1.        What does the problem of searching for optimum solution consist in?

2.        What may be the objective of such a problem?

3.        What does the complexity of finding the optimum in multiextremal optimization problems consist in?

4.        What approach to the estimation of the optimum solution is used in the Section? What other approaches are known for global optimization?
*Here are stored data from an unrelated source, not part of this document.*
definition tfact_poly :: "nat \<Rightarrow> int poly" where
  "tfact_poly n = (\<Prod>j\<in>{1..n}. tint_poly j)"

definition qbinom :: "'a::field \<Rightarrow> nat \<Rightarrow> nat \<Rightarrow> 'a" where
  "qbinom q m i = poly (map_poly of_int
      (tfact_poly m div (tfact_poly i * tfact_poly (m - i)))) q"

text \<open>Input P = \<Sum>_m y^m \<otimes> coeff P m (outer variable y, inner x);
  output in k[x] \<otimes> k[y] (outer variable x, inner y).\<close>
definition tau :: "'a::field \<Rightarrow> 'a poly poly \<Rightarrow> 'a poly poly" where
  "tau q P = (\<Sum>m\<le>degree P. \<Sum>i\<le>m.
      ptens (smult (qbinom q m i) ((theta q ^^ i) ((qderiv q ^^ (m - i)) (coeff P m))))
            (monom 1 i))"

end

(*
  If q is a primitive d-th root of unity, then x^d and y^d are central in the quantized Weyl
  algebra. On the level of the twisting map: the Gaussian binomials [d choose i]_q vanish for
  0 < i < d, theta^d = id and the d-th power of the q-derivative is zero, so
  tau(y^(m+d) (x) f) = tau(y^m (x) f) y^d; and polynomials in x^d (the theta-invariant ones)
  commute with theta and the q-derivative. An open subspace W of the target contains
  I (x) k[y] + k[x] (x) J for ideals I, J of finite codimension. Replacing nonzero p in I and
  r in J by their norms under the cyclic group generated by theta, which lie in k[x^d] resp.
  k[y^d] and are still multiples of p resp. r, tau maps N(r) k[y] (x) k[x] + k[y] (x) N(p) k[x]
  into W.

  If q is not a root of unity, no q-integer vanishes, and the constant term of
  tau(y^m (x) r) is [m]_q! times the leading coefficient of r when m = deg r. So no open
  subspace of the source is mapped into the open subspace of tensors with zero constant term.
*)
theory Submission
  imports Defs
begin

section \<open>q-integers and Gaussian binomial coefficients\<close>

lemma map_poly_of_int_add:
  "map_poly (of_int :: int \<Rightarrow> 'a::comm_ring_1) (a + b) = map_poly of_int a + map_poly of_int b"
  by (rule poly_eqI) (simp add: coeff_map_poly)

lemma map_poly_of_int_mult:
  "map_poly (of_int :: int \<Rightarrow> 'a::comm_ring_1) (a * b) = map_poly of_int a * map_poly of_int b"
  by (rule poly_eqI) (simp add: coeff_map_poly coeff_mult)

lemma qint_mult_q_minus_1: "(q - 1) * qint q n = q ^ n - 1"
  by (induction n) (simp_all add: qint_def algebra_simps)

lemma qint_eq_0_iff: "(q::'a::field) \<noteq> 1 \<Longrightarrow> qint q n = 0 \<longleftrightarrow> q ^ n = 1"
  using qint_mult_q_minus_1[of q n] by auto

lemma poly_tint_poly: "poly (map_poly of_int (tint_poly n)) q = qint q n"
  by (induction n)
    (simp_all add: tint_poly_def qint_def map_poly_of_int_add map_poly_monom poly_monom)

lemma tint_poly_add: "tint_poly (a + b) = tint_poly a + monom 1 a * tint_poly b"
  by (induction b) (simp_all add: tint_poly_def algebra_simps mult_monom)

lemma tint_poly_nonzero:
  assumes "n > 0"
  shows "tint_poly n \<noteq> 0"
proof -
  have "coeff (tint_poly n) 0 = 1"
    using assms by (simp add: tint_poly_def coeff_sum coeff_monom)
  then show ?thesis
    by auto
qed

lemma tfact_poly_0 [simp]: "tfact_poly 0 = 1"
  by (simp add: tfact_poly_def)

lemma tfact_poly_Suc: "tfact_poly (Suc n) = tint_poly (Suc n) * tfact_poly n"
  by (simp add: tfact_poly_def prod.cl_ivl_Suc mult.commute)

lemma tfact_poly_nonzero: "tfact_poly n \<noteq> 0"
  by (induction n) (simp_all add: tfact_poly_Suc tint_poly_nonzero)

lemma poly_tfact_poly: "poly (map_poly of_int (tfact_poly n)) q = (\<Prod>j\<in>{1..n}. qint q j)"
  by (induction n)
    (simp_all add: tfact_poly_Suc map_poly_of_int_mult poly_tint_poly prod.cl_ivl_Suc)

fun gauss_poly :: "nat \<Rightarrow> nat \<Rightarrow> int poly" where
  "gauss_poly m 0 = 1"
| "gauss_poly 0 (Suc i) = 0"
| "gauss_poly (Suc m) (Suc i) = gauss_poly m i + monom 1 (Suc i) * gauss_poly m (Suc i)"

lemma gauss_poly_eq_0: "m < i \<Longrightarrow> gauss_poly m i = 0"
  by (induction m i rule: gauss_poly.induct) auto

lemma gauss_poly_self: "gauss_poly m m = 1"
  by (induction m) (simp_all add: gauss_poly_eq_0)

lemma gauss_poly_mult_tfact_poly:
  "i \<le> m \<Longrightarrow> gauss_poly m i * (tfact_poly i * tfact_poly (m - i)) = tfact_poly m"
proof (induction m arbitrary: i)
  case (Suc m)
  show ?case
  proof (cases i)
    case (Suc j)
    with Suc.prems have "j \<le> m" by simp
    have left: "gauss_poly m j * (tfact_poly (Suc j) * tfact_poly (m - j))
        = tint_poly (Suc j) * tfact_poly m"
      using Suc.IH[OF \<open>j \<le> m\<close>] by (simp add: tfact_poly_Suc algebra_simps)
    have right: "monom 1 (Suc j) * gauss_poly m (Suc j) * (tfact_poly (Suc j) * tfact_poly (m - j))
        = monom 1 (Suc j) * tint_poly (m - j) * tfact_poly m"
    proof (cases "j = m")
      case True
      then show ?thesis by (simp add: gauss_poly_eq_0 tint_poly_def)
    next
      case False
      with \<open>j \<le> m\<close> have "Suc j \<le> m" "m - j = Suc (m - Suc j)" by simp_all
      then show ?thesis
        using Suc.IH[of "Suc j"] by (simp add: tfact_poly_Suc algebra_simps)
    qed
    have "gauss_poly (Suc m) (Suc j) * (tfact_poly (Suc j) * tfact_poly (Suc m - Suc j))
        = gauss_poly m j * (tfact_poly (Suc j) * tfact_poly (m - j))
          + monom 1 (Suc j) * gauss_poly m (Suc j) * (tfact_poly (Suc j) * tfact_poly (m - j))"
      by (simp add: distrib_right)
    also have "\<dots> = (tint_poly (Suc j) + monom 1 (Suc j) * tint_poly (m - j)) * tfact_poly m"
      by (simp only: left right distrib_right)
    also have "\<dots> = tfact_poly (Suc m)"
      using tint_poly_add[of "Suc j" "m - j"] \<open>j \<le> m\<close> by (simp add: tfact_poly_Suc)
    finally show ?thesis
      using \<open>i = Suc j\<close> by simp
  qed simp
qed simp

text \<open>\<^const>\<open>qbinom\<close> is only meaningful for \<open>i \<le> m\<close> (its definition uses the truncated
  subtraction \<open>m - i\<close>); this version vanishes for \<open>i > m\<close> and satisfies the q-Pascal rule.\<close>

definition gauss_binomial :: "'a::field \<Rightarrow> nat \<Rightarrow> nat \<Rightarrow> 'a" where
  "gauss_binomial q m i = poly (map_poly of_int (gauss_poly m i)) q"

lemma qbinom_eq_gauss_binomial: "i \<le> m \<Longrightarrow> qbinom q m i = gauss_binomial q m i"
  unfolding qbinom_def gauss_binomial_def
  using gauss_poly_mult_tfact_poly tfact_poly_nonzero
  by (metis mult_eq_0_iff nonzero_mult_div_cancel_right)

lemma gauss_binomial_0 [simp]: "gauss_binomial q m 0 = 1"
  by (simp add: gauss_binomial_def)

lemma gauss_binomial_self [simp]: "gauss_binomial q m m = 1"
  by (simp add: gauss_binomial_def gauss_poly_self)

lemma gauss_binomial_eq_0: "m < i \<Longrightarrow> gauss_binomial q m i = 0"
  by (simp add: gauss_binomial_def gauss_poly_eq_0)

lemma gauss_binomial_Suc_Suc:
  "gauss_binomial q (Suc m) (Suc i) = gauss_binomial q m i + q ^ Suc i * gauss_binomial q m (Suc i)"
  by (simp add: gauss_binomial_def map_poly_of_int_add map_poly_of_int_mult map_poly_monom
      poly_monom)

lemma gauss_binomial_mult_qfact:
  "i \<le> m \<Longrightarrow> gauss_binomial q m i * (\<Prod>j\<in>{1..i}. qint q j) * (\<Prod>j\<in>{1..m - i}. qint q j)
     = (\<Prod>j\<in>{1..m}. qint q j)"
  using arg_cong[OF gauss_poly_mult_tfact_poly, of i m "\<lambda>p. poly (map_poly of_int p) q"]
  by (simp add: gauss_binomial_def map_poly_of_int_mult poly_tfact_poly mult.assoc)

section \<open>The automorphism theta and the q-derivative\<close>

lemma coeff_theta: "coeff (theta q g) k = q ^ k * coeff g k"
  by (simp add: theta_def coeff_pcompose_linear)

lemma coeff_theta_funpow: "coeff ((theta q ^^ i) g) k = q ^ (i * k) * coeff g k"
  by (induction i) (simp_all add: coeff_theta power_add)

lemma theta_mult: "theta q (a * b) = theta q a * theta q b"
  by (simp add: theta_def pcompose_mult)

lemma theta_fixed_iff: "theta q N = N \<longleftrightarrow> (\<forall>j. coeff N j \<noteq> 0 \<longrightarrow> q ^ j = 1)"
  by (auto simp: poly_eq_iff coeff_theta)

lemma coeff_qderiv: "coeff (qderiv q g) k = qint q (Suc k) * coeff g (Suc k)"
proof -
  have "coeff (qderiv q g) k = (\<Sum>n\<le>degree g. if n = Suc k then qint q n * coeff g n else 0)"
    unfolding qderiv_def coeff_sum coeff_monom
  proof (rule sum.cong)
    show "(if n - 1 = k then qint q n * coeff g n else 0)
        = (if n = Suc k then qint q n * coeff g n else 0)" for n
      by (cases n) (auto simp: qint_def)
  qed simp
  then show ?thesis
    by (auto simp: coeff_eq_0)
qed

lemma coeff_qderiv_funpow:
  "coeff ((qderiv q ^^ n) g) k = (\<Prod>j<n. qint q (Suc (k + j))) * coeff g (k + n)"
  by (induction n arbitrary: k)
    (simp_all add: coeff_qderiv prod.lessThan_Suc_shift del: prod.lessThan_Suc)

lemma qderiv_difference_quotient: "smult (q - 1) (pCons 0 (qderiv q g)) = theta q g - g"
proof (rule poly_eqI)
  fix k
  show "coeff (smult (q - 1) (pCons 0 (qderiv q g))) k = coeff (theta q g - g) k"
  proof (cases k)
    case (Suc l)
    have "(q - 1) * (qint q k * coeff g k) = (q ^ k - 1) * coeff g k"
      by (simp add: qint_mult_q_minus_1 flip: mult.assoc)
    then show ?thesis
      using Suc by (simp add: coeff_theta coeff_qderiv algebra_simps)
  qed (simp add: coeff_theta)
qed

lemma qderiv_mult_theta_fixed:
  assumes "q \<noteq> 1" and "theta q N = N"
  shows "qderiv q (N * g) = N * qderiv q g"
proof -
  have "smult (q - 1) (pCons 0 (qderiv q (N * g))) = theta q (N * g) - N * g"
    by (rule qderiv_difference_quotient)
  also have "\<dots> = N * (theta q g - g)"
    using assms(2) by (simp add: theta_mult algebra_simps)
  also have "\<dots> = N * smult (q - 1) (pCons 0 (qderiv q g))"
    by (simp only: qderiv_difference_quotient)
  also have "\<dots> = smult (q - 1) (pCons 0 (N * qderiv q g))"
    by (simp add: mult_pCons_right)
  finally have "smult (q - 1) (pCons 0 (qderiv q (N * g)))
      = smult (q - 1) (pCons 0 (N * qderiv q g))" .
  then have "smult (q - 1) (qderiv q (N * g)) = smult (q - 1) (N * qderiv q g)"
    by simp
  then show ?thesis
    using assms(1) smult_cancel[of "q - 1"] by simp
qed

lemma funpow_theta_qderiv_mult_theta_fixed:
  assumes "q \<noteq> 1" and "theta q N = N"
  shows "(theta q ^^ i) ((qderiv q ^^ n) (N * g)) = N * (theta q ^^ i) ((qderiv q ^^ n) g)"
proof -
  have "(qderiv q ^^ n) (N * g) = N * (qderiv q ^^ n) g"
    by (induction n) (simp_all add: qderiv_mult_theta_fixed[OF assms])
  moreover have "(theta q ^^ i) (N * h) = N * (theta q ^^ i) h" for h
    by (induction i) (simp_all add: theta_mult assms(2))
  ultimately show ?thesis
    by simp
qed

section \<open>The twisting map\<close>

lemma smult_sum_right: "smult c (\<Sum>i\<in>S. f i) = (\<Sum>i\<in>S. smult c (f i))"
  by (induction S rule: infinite_finite_induct) (simp_all add: smult_add_right)

lemma coeff_ptens: "coeff (ptens e f) k = smult (coeff e k) f"
  by (simp add: ptens_def coeff_map_poly)

lemma ptens_monom: "ptens (monom 1 k) c = monom c k"
  by (rule poly_eqI) (simp add: coeff_ptens coeff_monom)

lemma smult_ptens: "smult G (ptens a b) = ptens a (G * b)"
  by (rule poly_eqI) (simp add: coeff_ptens)

text \<open>\<^term>\<open>map_poly (\<lambda>x. [:x:]) a\<close> is the pure tensor \<open>a \<otimes> 1\<close>.\<close>

lemma ptens_mult_left:
  "ptens (a * b) (f :: 'a::field poly) = map_poly (\<lambda>x. [:x:]) a * ptens b f"
  by (rule poly_eqI)
    (simp add: coeff_mult coeff_ptens coeff_map_poly smult_sum mult.commute[where 'a = 'a])

definition tau_monom :: "'a::field \<Rightarrow> nat \<Rightarrow> 'a poly \<Rightarrow> 'a poly poly" where
  "tau_monom q m f = (\<Sum>i\<le>m.
     ptens (smult (qbinom q m i) ((theta q ^^ i) ((qderiv q ^^ (m - i)) f))) (monom 1 i))"

lemma coeff_coeff_tau_monom:
  "coeff (coeff (tau_monom q m f) k) i =
     (if i \<le> m then gauss_binomial q m i * q ^ (i * k) * (\<Prod>j<m - i. qint q (Suc (k + j)))
        * coeff f (k + (m - i)) else 0)"
proof -
  have "coeff (coeff (tau_monom q m f) k) i = (\<Sum>j\<le>m. if i = j then
      qbinom q m j * coeff ((theta q ^^ j) ((qderiv q ^^ (m - j)) f)) k else 0)"
    unfolding tau_monom_def coeff_sum
    by (rule sum.cong) (simp_all add: coeff_ptens coeff_monom)
  then show ?thesis
    by (simp add: qbinom_eq_gauss_binomial coeff_theta_funpow coeff_qderiv_funpow)
qed

text \<open>Left multiplication by \<open>y\<close>, via the relation \<open>y x^k = q^k x^k y + [k]_q x^(k-1)\<close>
  of the quantized Weyl algebra.\<close>

lemma coeff_coeff_tau_monom_Suc:
  "coeff (coeff (tau_monom q (Suc m) f) k) i =
     (if i = 0 then 0 else q ^ k * coeff (coeff (tau_monom q m f) k) (i - 1))
     + qint q (Suc k) * coeff (coeff (tau_monom q m f) (Suc k)) i"
proof (cases i)
  case (Suc j)
  consider "m < j" | "j = m" | "j < m"
    by linarith
  then show ?thesis
  proof cases
    case 3
    then have "m - j = Suc (m - Suc j)"
      by simp
    then have "(\<Prod>l<m - j. qint q (Suc (k + l)))
        = qint q (Suc k) * (\<Prod>l<m - Suc j. qint q (Suc (Suc k + l)))"
      by (simp add: prod.lessThan_Suc_shift del: prod.lessThan_Suc)
    moreover have "Suc k + (m - Suc j) = k + (m - j)"
      using 3 by simp
    ultimately show ?thesis
      using Suc 3
      by (simp add: coeff_coeff_tau_monom gauss_binomial_Suc_Suc algebra_simps power_add)
  qed (use Suc in \<open>simp_all add: coeff_coeff_tau_monom gauss_binomial_eq_0 algebra_simps power_add\<close>)
qed (simp add: coeff_coeff_tau_monom prod.lessThan_Suc_shift del: prod.lessThan_Suc)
5.        What are the reasons for the necessity of developing the numeric methods of searching for the global optimum, which might be more efficient than the grid method in the domain of searching for the solution in multidimensional problems?

6.        What makes the implementation of the asynchronous computation scheme in the parallel modification of the index method necessary?

7.        What does the general implementation scheme of software global optimization system consist in?